Each record below is to be restated word for word.
:: Extracted data
(* Let $n\ge1$ and $N\ge n$. (i) For every integer $c$ with $0\le c\le\lfloor n/2\rfloor$, the dimension of the space of $S_n$-invariant homogeneous polynomials of degree $c$ on $\mathbb R^{n\times n}$ equals the dimension of the space of $S_N$-invariant homogeneous polynomials of degree $c$ on $\mathbb R^{N\times N}$. (ii) For every integer $c$ with $0\le c\le\lfloor n/2\rfloor-1$, the dimension of the space of $S_n$-equivariant polynomial maps $\mathbb R^{n\times n}\to\mathbb R^{n\times n}$ with homogeneous components of degree $c$ equals the corresponding dimension for $S_N$ acting on $\mathbb R^{N\times N}$.
   Context: $S_n$ acts on $\mathbb R^{n\times n}$ by $(g\cdot X)_{ij}=X_{g^{-1}(i),g^{-1}(j)}$. A polynomial $p$ is invariant if $p(g\cdot X)=p(X)$ for all $g$; a polynomial map $P$ is equivariant if $P(g\cdot X)=g\cdot P(X)$ for all $g$. *)

theory Defs
  imports "HOL-Combinatorics.Permutations" "HOL-Analysis.Analysis" "HOL-Library.Function_Algebras"
begin

text \<open>Real n x n matrices are represented as functions nat => nat => real; only the
entries with indices < n are relevant. Polynomials on R^(n x n) are identified with
polynomial functions (R is infinite), i.e. elements of the real span of monomial functions.\<close>

type_synonym mat = "nat \<Rightarrow> nat \<Rightarrow> real"

definition fscale :: "real \<Rightarrow> ('a \<Rightarrow> real) \<Rightarrow> ('a \<Rightarrow> real)" where
  "fscale r f = (\<lambda>x. r * f x)"

definition mscale :: "real \<Rightarrow> ('a \<Rightarrow> mat) \<Rightarrow> ('a \<Rightarrow> mat)" where
  "mscale r F = (\<lambda>x i j. r * F x i j)"

definition exps :: "nat \<Rightarrow> nat \<Rightarrow> (nat \<times> nat \<Rightarrow> nat) set" where
  "exps n c = {\<alpha>. (\<forall>p. p \<notin> {..<n} \<times> {..<n} \<longrightarrow> \<alpha> p = 0)
                  \<and> (\<Sum>p\<in>{..<n} \<times> {..<n}. \<alpha> p) = c}"

definition monomial_fn :: "nat \<Rightarrow> (nat \<times> nat \<Rightarrow> nat) \<Rightarrow> mat \<Rightarrow> real" where
  "monomial_fn n \<alpha> X = (\<Prod>(i,j)\<in>{..<n} \<times> {..<n}. X i j ^ \<alpha> (i,j))"

definition hom_poly :: "nat \<Rightarrow> nat \<Rightarrow> (mat \<Rightarrow> real) set" where
  "hom_poly n c = module.span fscale (monomial_fn n ` exps n c)"

definition act :: "(nat \<Rightarrow> nat) \<Rightarrow> mat \<Rightarrow> mat" where
  "act g X = (\<lambda>i j. X (inv g i) (inv g j))"

definition invariant :: "nat \<Rightarrow> (mat \<Rightarrow> real) \<Rightarrow> bool" where
  "invariant n p \<longleftrightarrow> (\<forall>g X. g permutes {..<n} \<longrightarrow> p (act g X) = p X)"

definition equivariant :: "nat \<Rightarrow> (mat \<Rightarrow> mat) \<Rightarrow> bool" where
  "equivariant n P \<longleftrightarrow> (\<forall>g X. g permutes {..<n} \<longrightarrow> P (act g X) = act g (P X))"

definition hom_poly_map :: "nat \<Rightarrow> nat \<Rightarrow> (mat \<Rightarrow> mat) set" where
  "hom_poly_map n c = {P. (\<forall>i<n. \<forall>j<n. (\<lambda>X. P X i j) \<in> hom_poly n c)
      \<and> (\<forall>X i j. \<not> (i < n \<and> j < n) \<longrightarrow> P X i j = 0)}"

definition inv_dim :: "nat \<Rightarrow> nat \<Rightarrow> nat" where
  "inv_dim n c = vector_space.dim fscale {p \<in> hom_poly n c. invariant n p}"

definition equiv_dim :: "nat \<Rightarrow> nat \<Rightarrow> nat" where
  "equiv_dim n c = vector_space.dim mscale {P \<in> hom_poly_map n c. equivariant n P}"

end

theory Submission
  imports Defs
begin

(*
  A monomial of degree c in the entries of X involves at most 2c row/column indices, so Moebius
  inversion over index sets expresses a homogeneous polynomial f of degree c on N x N matrices
  through its values on principal submatrices with at most 2c indices:
    f X = (SUM |T| <= 2c. SUM U <= T. (-1)^|T - U| * f (X restricted to U)).
  If f is S_N-invariant, f (X restricted to U) does not change when U is relabelled into
  {0..n-1}, and any two such relabellings differ on U by an element of S_n. So for 2c <= n the
  formula, with relabelled terms, extends every S_n-invariant polynomial on n x n matrices to an
  S_N-invariant one, and this extension is inverse to restriction to the top-left n x n block.
  For equivariant maps the entry (i, j) is handled in the same way on the index sets
  U \<union> {i, j}, which costs two more indices: 2c + 2 <= n.
*)

interpretation fs: vector_space "fscale :: real \<Rightarrow> ('a \<Rightarrow> real) \<Rightarrow> _"
  by unfold_locales (auto simp: fscale_def fun_eq_iff algebra_simps)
::::
** Finished exercise **
(* Let $n\ge1$ and $N\ge n$. (i) For every integer $c$ with $0\le c\le\lfloor n/2\rfloor$, the dimension of the space of $S_n$-invariant homogeneous polynomials of degree $c$ on $\mathbb R^{n\times n}$ equals the dimension of the space of $S_N$-invariant homogeneous polynomials of degree $c$ on $\mathbb R^{N\times N}$. (ii) For every integer $c$ with $0\le c\le\lfloor n/2\rfloor-1$, the dimension of the space of $S_n$-equivariant polynomial maps $\mathbb R^{n\times n}\to\mathbb R^{n\times n}$ with homogeneous components of degree $c$ equals the corresponding dimension for $S_N$ acting on $\mathbb R^{N\times N}$.
   Context: $S_n$ acts on $\mathbb R^{n\times n}$ by $(g\cdot X)_{ij}=X_{g^{-1}(i),g^{-1}(j)}$. A polynomial $p$ is invariant if $p(g\cdot X)=p(X)$ for all $g$; a polynomial map $P$ is equivariant if $P(g\cdot X)=g\cdot P(X)$ for all $g$. *)

theory Defs
  imports "HOL-Combinatorics.Permutations" "HOL-Analysis.Analysis" "HOL-Library.Function_Algebras"
begin

text \<open>Real n x n matrices are represented as functions nat => nat => real; only the
entries with indices < n are relevant. Polynomials on R^(n x n) are identified with
polynomial functions (R is infinite), i.e. elements of the real span of monomial functions.\<close>

type_synonym mat = "nat \<Rightarrow> nat \<Rightarrow> real"

definition fscale :: "real \<Rightarrow> ('a \<Rightarrow> real) \<Rightarrow> ('a \<Rightarrow> real)" where
  "fscale r f = (\<lambda>x. r * f x)"

definition mscale :: "real \<Rightarrow> ('a \<Rightarrow> mat) \<Rightarrow> ('a \<Rightarrow> mat)" where
  "mscale r F = (\<lambda>x i j. r * F x i j)"

definition exps :: "nat \<Rightarrow> nat \<Rightarrow> (nat \<times> nat \<Rightarrow> nat) set" where
  "exps n c = {\<alpha>. (\<forall>p. p \<notin> {..<n} \<times> {..<n} \<longrightarrow> \<alpha> p = 0)
                  \<and> (\<Sum>p\<in>{..<n} \<times> {..<n}. \<alpha> p) = c}"

definition monomial_fn :: "nat \<Rightarrow> (nat \<times> nat \<Rightarrow> nat) \<Rightarrow> mat \<Rightarrow> real" where
  "monomial_fn n \<alpha> X = (\<Prod>(i,j)\<in>{..<n} \<times> {..<n}. X i j ^ \<alpha> (i,j))"

definition hom_poly :: "nat \<Rightarrow> nat \<Rightarrow> (mat \<Rightarrow> real) set" where
  "hom_poly n c = module.span fscale (monomial_fn n ` exps n c)"

definition act :: "(nat \<Rightarrow> nat) \<Rightarrow> mat \<Rightarrow> mat" where
  "act g X = (\<lambda>i j. X (inv g i) (inv g j))"

definition invariant :: "nat \<Rightarrow> (mat \<Rightarrow> real) \<Rightarrow> bool" where
  "invariant n p \<longleftrightarrow> (\<forall>g X. g permutes {..<n} \<longrightarrow> p (act g X) = p X)"

definition equivariant :: "nat \<Rightarrow> (mat \<Rightarrow> mat) \<Rightarrow> bool" where
  "equivariant n P \<longleftrightarrow> (\<forall>g X. g permutes {..<n} \<longrightarrow> P (act g X) = act g (P X))"

definition hom_poly_map :: "nat \<Rightarrow> nat \<Rightarrow> (mat \<Rightarrow> mat) set" where
  "hom_poly_map n c = {P. (\<forall>i<n. \<forall>j<n. (\<lambda>X. P X i j) \<in> hom_poly n c)
      \<and> (\<forall>X i j. \<not> (i < n \<and> j < n) \<longrightarrow> P X i j = 0)}"

definition inv_dim :: "nat \<Rightarrow> nat \<Rightarrow> nat" where
  "inv_dim n c = vector_space.dim fscale {p \<in> hom_poly n c. invariant n p}"

definition equiv_dim :: "nat \<Rightarrow> nat \<Rightarrow> nat" where
  "equiv_dim n c = vector_space.dim mscale {P \<in> hom_poly_map n c. equivariant n P}"

end

theory Submission
  imports Defs
begin

(*
  A monomial of degree c in the entries of X involves at most 2c row/column indices, so Moebius
  inversion over index sets expresses a homogeneous polynomial f of degree c on N x N matrices
  through its values on principal submatrices with at most 2c indices:
    f X = (SUM |T| <= 2c. SUM U <= T. (-1)^|T - U| * f (X restricted to U)).
  If f is S_N-invariant, f (X restricted to U) does not change when U is relabelled into
  {0..n-1}, and any two such relabellings differ on U by an element of S_n. So for 2c <= n the
  formula, with relabelled terms, extends every S_n-invariant polynomial on n x n matrices to an
  S_N-invariant one, and this extension is inverse to restriction to the top-left n x n block.
  For equivariant maps the entry (i, j) is handled in the same way on the index sets
  U \<union> {i, j}, which costs two more indices: 2c + 2 <= n.
*)

interpretation fs: vector_space "fscale :: real \<Rightarrow> ('a \<Rightarrow> real) \<Rightarrow> _"
  by unfold_locales (auto simp: fscale_def fun_eq_iff algebra_simps)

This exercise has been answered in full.